- **Source records**

((

lemma int_quad_vadd:
  fixes c x :: "nat \<Rightarrow> bit"
  assumes sym: "\<forall>j<r. \<forall>k<r. S j k = S k j"
  defines "L \<equiv> \<lambda>j. lift (c j)" and "X \<equiv> \<lambda>j. lift (x j)" and "T \<equiv> \<lambda>j k. lift (S j k)"
  shows "int (quad r S (vadd c x)) = int (quad r S c) + int (quad r S x)
           + 2 * int (\<Sum>j<r. \<Sum>k<r. L j * T j k * X k)
           + 4 * (int (\<Sum>j<r. \<Sum>k<r. T j k * L j * X j * L k * X k)
                  - int (\<Sum>j<r. \<Sum>k<r. T j k * L j * X j * (L k + X k)))"
proof -
  \<comment> \<open>the two mixed terms of the expansion are swapped by the symmetry of S\<close>
  have swap: "(\<Sum>j<r. \<Sum>k<r. f j k) = (\<Sum>j<r. \<Sum>k<r. f k j)" for f :: "nat \<Rightarrow> nat \<Rightarrow> nat"
    by (rule sum.swap)
  have B: "(\<Sum>j<r. \<Sum>k<r. X j * T j k * L k) = (\<Sum>j<r. \<Sum>k<r. L j * T j k * X k)"
    by (subst swap) (use sym in \<open>auto simp: T_def mult_ac intro!: sum.cong\<close>)
  have D: "(\<Sum>j<r. \<Sum>k<r. T j k * L k * X k * (L j + X j))
      = (\<Sum>j<r. \<Sum>k<r. T j k * L j * X j * (L k + X k))"
    by (subst swap) (use sym in \<open>auto simp: T_def intro!: sum.cong\<close>)
  have pointwise: "int (lift (vadd c x j) * T j k * lift (vadd c x k))
     = int (L j * T j k * L k) + int (X j * T j k * X k)
       + int (L j * T j k * X k) + int (X j * T j k * L k)
       - 2 * int (T j k * L j * X j * (L k + X k))
       - 2 * int (T j k * L k * X k * (L j + X j))
       + 4 * int (T j k * L j * X j * L k * X k)" for j k
    by (simp add: vadd_def int_lift_add L_def X_def algebra_simps)
  have "int (quad r S (vadd c x)) = int (quad r S c) + int (quad r S x)
     + int (\<Sum>j<r. \<Sum>k<r. L j * T j k * X k) + int (\<Sum>j<r. \<Sum>k<r. X j * T j k * L k)
     - 2 * int (\<Sum>j<r. \<Sum>k<r. T j k * L j * X j * (L k + X k))
     - 2 * int (\<Sum>j<r. \<Sum>k<r. T j k * L k * X k * (L j + X j))
     + 4 * int (\<Sum>j<r. \<Sum>k<r. T j k * L j * X j * L k * X k)"
    unfolding quad_def of_nat_sum pointwise[unfolded T_def]
    by (simp only: L_def X_def T_def sum.distrib sum_subtractf sum_distrib_left)
  then show ?thesis unfolding B D by (simp add: algebra_simps)
qed

lemma power_i_quad_vadd:
  assumes sym: "\<forall>j<r. \<forall>k<r. S j k = S k j"
  shows "\<i> ^ quad r S (vadd c x) = \<i> ^ quad r S c * \<i> ^ quad r S x * chi r c (mvec r r S x)"
proof -
  let ?B = "\<Sum>j<r. \<Sum>k<r. lift (c j) * lift (S j k) * lift (x k)"
    and ?C = "\<Sum>j<r. \<Sum>k<r. lift (S j k) * lift (c j) * lift (x j) * lift (c k) * lift (x k)"
    and ?D = "\<Sum>j<r. \<Sum>k<r. lift (S j k) * lift (c j) * lift (x j) * (lift (c k) + lift (x k))"
  have "int (quad r S (vadd c x)) = int (quad r S c + quad r S x + 2 * ?B) + 4 * (int ?C - int ?D)"
    using int_quad_vadd[OF sym, of c x] by simp
  then have "\<i> ^ quad r S (vadd c x) = \<i> ^ (quad r S c + quad r S x + 2 * ?B)"
    by (rule power_i_eqI)
  moreover have "(-1 :: complex) ^ ?B = (\<Prod>j<r. (-1) ^ (\<Sum>k<r. lift (c j * S j k * x k)))"
    by (simp add: power_sum lift_mult)
  moreover have "\<dots> = (\<Prod>j<r. \<Prod>k<r. bsign (c j * S j k * x k))"
    by (simp only: power_neg_one_sum_lift)
  moreover have "\<dots> = chi r c (mvec r r S x)"
    by (simp add: chi_def mvec_def bsign_sum sum_distrib_left mult.assoc)
  ultimately show ?thesis by (simp add: power_add power_mult)
qed

lemma perp_colspace:
  "perp n (colspace n k A) = {y \<in> vecs n. mvec k n (mtrans A) y = (\<lambda>_. 0)}"
proof (intro set_eqI iffI)
  fix y assume y: "y \<in> perp n (colspace n k A)"
  have "mvec k n (mtrans A) y j = 0" for j
  proof (cases "j < k")
    case True
    then have "bdot n y (mvec n k A (unit_vec j)) = 0"
      using y unit_vec_in_vecs[OF True] by (auto simp: perp_def colspace_def)
    then show ?thesis using True by (simp add: bdot_mvec sum_mult_unit_vec)
  next
    case False
    then show ?thesis by (simp add: mvec_def)
  qed
  then show "y \<in> {y \<in> vecs n. mvec k n (mtrans A) y = (\<lambda>_. 0)}"
    using y by (auto simp: perp_def)
qed (auto simp: perp_def colspace_def bdot_mvec)

subsection \<open>The chirp in the coordinates c = P_I^-1 a\<close>

definition chirp_coord ::
    "nat \<Rightarrow> nat \<Rightarrow> (nat \<Rightarrow> nat \<Rightarrow> bit) \<Rightarrow> (nat \<Rightarrow> bit) \<Rightarrow> (nat \<Rightarrow> bit) \<Rightarrow> complex" where
  "chirp_coord m r S b c =
     complex_of_real (2 powr (- real r / 2)) * \<i> ^ quad r S c * chi m b c * fagree m b c r"

lemma power_i_double_lift_sum: "\<i> ^ (2 * (\<Sum>j<m. lift (b j) * lift (c j))) = chi m b c"
  by (simp add: power_mult lift_mult[symmetric] power_neg_one_sum_lift chi_def)

lemma fagree_eq_prod: "fagree m b c r = (\<Prod>j<m. if r \<le> j \<and> b j \<noteq> c j then 0 else 1)"
proof (cases "\<forall>i. r \<le> i \<and> i < m \<longrightarrow> b i = c i")
  case True
  then show ?thesis by (auto simp: fagree_def intro!: prod.neutral[symmetric] prod.neutral)
next
  case False
  then obtain i where "r \<le> i" "i < m" "b i \<noteq> c i" by auto
  then show ?thesis by (auto simp: fagree_def intro!: prod_zero[symmetric] bexI[of _ i])
qed

lemma cnj_fagree [simp]: "cnj (fagree m b c r) = fagree m b c r"
  and fagree_mult_self [simp]: "fagree m b c r * fagree m b c r = fagree m b c r"
  by (simp_all add: fagree_def)

lemma fagree_vadd: "x \<in> vecs r \<Longrightarrow> fagree m b (vadd c x) r = fagree m b c r"
  by (auto simp: fagree_def vadd_def vecs_def)

lemma fagree_vadd_eq_0:
  assumes "x \<in> vecs m" "x \<notin> vecs r"
  shows "fagree m b c r = 0 \<or> fagree m b (vadd c x) r = 0"
proof -
  obtain j where j: "r \<le> j" "x j = 1" using assms(2) by (auto simp: vecs_def)
  have "j < m"
  proof (rule ccontr)
    assume "\<not> j < m"
    then show False using assms(1) j by (simp add: vecs_def)
  qed
  with j show ?thesis by (cases "b j"; cases "c j") (auto simp: fagree_def vadd_def)
qed

definition coord_factor :: "nat \<Rightarrow> (nat \<Rightarrow> bit) \<Rightarrow> (nat \<Rightarrow> bit) \<Rightarrow> nat \<Rightarrow> bit \<Rightarrow> complex" where
  "coord_factor r b e j t = bsign (t * e j) * (if r \<le> j \<and> b j \<noteq> t then 0 else 1)"

lemma coord_factor_sum_nonzero_iff:
  "coord_factor r b e j 0 + coord_factor r b e j 1 \<noteq> 0 \<longleftrightarrow> (j < r \<longrightarrow> e j = 0)"
  by (cases "b j"; cases "e j") (auto simp: coord_factor_def)

lemma prod_coord_factor_nonzero_iff:
  "r \<le> m \<Longrightarrow> (\<Prod>j<m. coord_factor r b e j 0 + coord_factor r b e j 1) \<noteq> 0 \<longleftrightarrow> (\<forall>j<r. e j = 0)"
  by (auto simp: coord_factor_sum_nonzero_iff)

lemma chirp_coord_summand_eq_0:
  "x \<in> vecs m \<Longrightarrow> x \<notin> vecs r \<Longrightarrow> cnj (chirp_coord m r S b c) * (z * chirp_coord m r S b (vadd c x)) = 0"
  using fagree_vadd_eq_0[of x m r b c] by (auto simp: chirp_coord_def)

lemma chirp_coord_summand:
  assumes sym: "\<forall>j<r. \<forall>k<r. S j k = S k j" and "r \<le> m" and x: "x \<in> vecs r"
  defines "s \<equiv> complex_of_real (2 powr (- real r / 2))"
  shows "cnj (chirp_coord m r S b c) * (chi m y (mvec m m A (vadd c x)) * chirp_coord m r S b (vadd c x))
       = (s * s * \<i> ^ quad r S x * chi m y (mvec m m A x) * chi m b x)
         * (\<Prod>j<m. coord_factor r b (vadd (mvec r r S x) (mvec m m (mtrans A) y)) j (c j))"
proof -
  let ?F = "fagree m b c r" and ?Sx = "chi m c (mvec r r S x)" and ?Ay = "chi m c (mvec m m (mtrans A) y)"
  have W: "cnj (chirp_coord m r S b c) = s * cnj (\<i> ^ quad r S c) * chi m b c * ?F"
    by (simp add: chirp_coord_def s_def)
  have W': "chirp_coord m r S b (vadd c x)
      = s * (\<i> ^ quad r S c * \<i> ^ quad r S x * ?Sx) * (chi m b c * chi m b x) * ?F"
    using power_i_quad_vadd[OF sym, of c x] chi_vecs_mono[OF mvec_in_vecs \<open>r \<le> m\<close>, of c r S x]
    by (simp add: chirp_coord_def s_def chi_vadd fagree_vadd[OF x])
  have ch: "chi m y (mvec m m A (vadd c x)) = ?Ay * chi m y (mvec m m A x)"
    by (simp add: mvec_vadd chi_vadd chi_mvec[of m y A c])
  have factors: "(\<Prod>j<m. coord_factor r b (vadd (mvec r r S x) (mvec m m (mtrans A) y)) j (c j))
      = ?Sx * ?Ay * ?F"
    by (simp add: coord_factor_def fagree_eq_prod chi_def vadd_def distrib_left bsign_add prod.distrib)
  have i_unit: "cnj (\<i> ^ quad r S c) * \<i> ^ quad r S c = 1"
    by (simp add: power_mult_distrib[symmetric])
  have "cnj (chirp_coord m r S b c) * (chi m y (mvec m m A (vadd c x)) * chirp_coord m r S b (vadd c x))
      = (cnj (\<i> ^ quad r S c) * \<i> ^ quad r S c) * (chi m b c * chi m b c) * (?F * ?F)
        * (s * s * \<i> ^ quad r S x * chi m y (mvec m m A x) * chi m b x) * (?Sx * ?Ay)"
    unfolding W W' ch by (simp only: ac_simps)
  then show ?thesis unfolding factors i_unit by (simp only: chi_mult_self fagree_mult_self ac_simps mult_1_left)
qed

))

- **What is being asked**
The first line of the data, the line with "by (simp add: vadd_def", and all lines in between are to be copied exactly. Leave out everything else.

- **Exercise output**
lemma int_quad_vadd:
  fixes c x :: "nat \<Rightarrow> bit"
  assumes sym: "\<forall>j<r. \<forall>k<r. S j k = S k j"
  defines "L \<equiv> \<lambda>j. lift (c j)" and "X \<equiv> \<lambda>j. lift (x j)" and "T \<equiv> \<lambda>j k. lift (S j k)"
  shows "int (quad r S (vadd c x)) = int (quad r S c) + int (quad r S x)
           + 2 * int (\<Sum>j<r. \<Sum>k<r. L j * T j k * X k)
           + 4 * (int (\<Sum>j<r. \<Sum>k<r. T j k * L j * X j * L k * X k)
                  - int (\<Sum>j<r. \<Sum>k<r. T j k * L j * X j * (L k + X k)))"
proof -
  \<comment> \<open>the two mixed terms of the expansion are swapped by the symmetry of S\<close>
  have swap: "(\<Sum>j<r. \<Sum>k<r. f j k) = (\<Sum>j<r. \<Sum>k<r. f k j)" for f :: "nat \<Rightarrow> nat \<Rightarrow> nat"
    by (rule sum.swap)
  have B: "(\<Sum>j<r. \<Sum>k<r. X j * T j k * L k) = (\<Sum>j<r. \<Sum>k<r. L j * T j k * X k)"
    by (subst swap) (use sym in \<open>auto simp: T_def mult_ac intro!: sum.cong\<close>)
  have D: "(\<Sum>j<r. \<Sum>k<r. T j k * L k * X k * (L j + X j))
      = (\<Sum>j<r. \<Sum>k<r. T j k * L j * X j * (L k + X k))"
    by (subst swap) (use sym in \<open>auto simp: T_def intro!: sum.cong\<close>)
  have pointwise: "int (lift (vadd c x j) * T j k * lift (vadd c x k))
     = int (L j * T j k * L k) + int (X j * T j k * X k)
       + int (L j * T j k * X k) + int (X j * T j k * L k)
       - 2 * int (T j k * L j * X j * (L k + X k))
       - 2 * int (T j k * L k * X k * (L j + X j))
       + 4 * int (T j k * L j * X j * L k * X k)" for j k
    by (simp add: vadd_def int_lift_add L_def X_def algebra_simps)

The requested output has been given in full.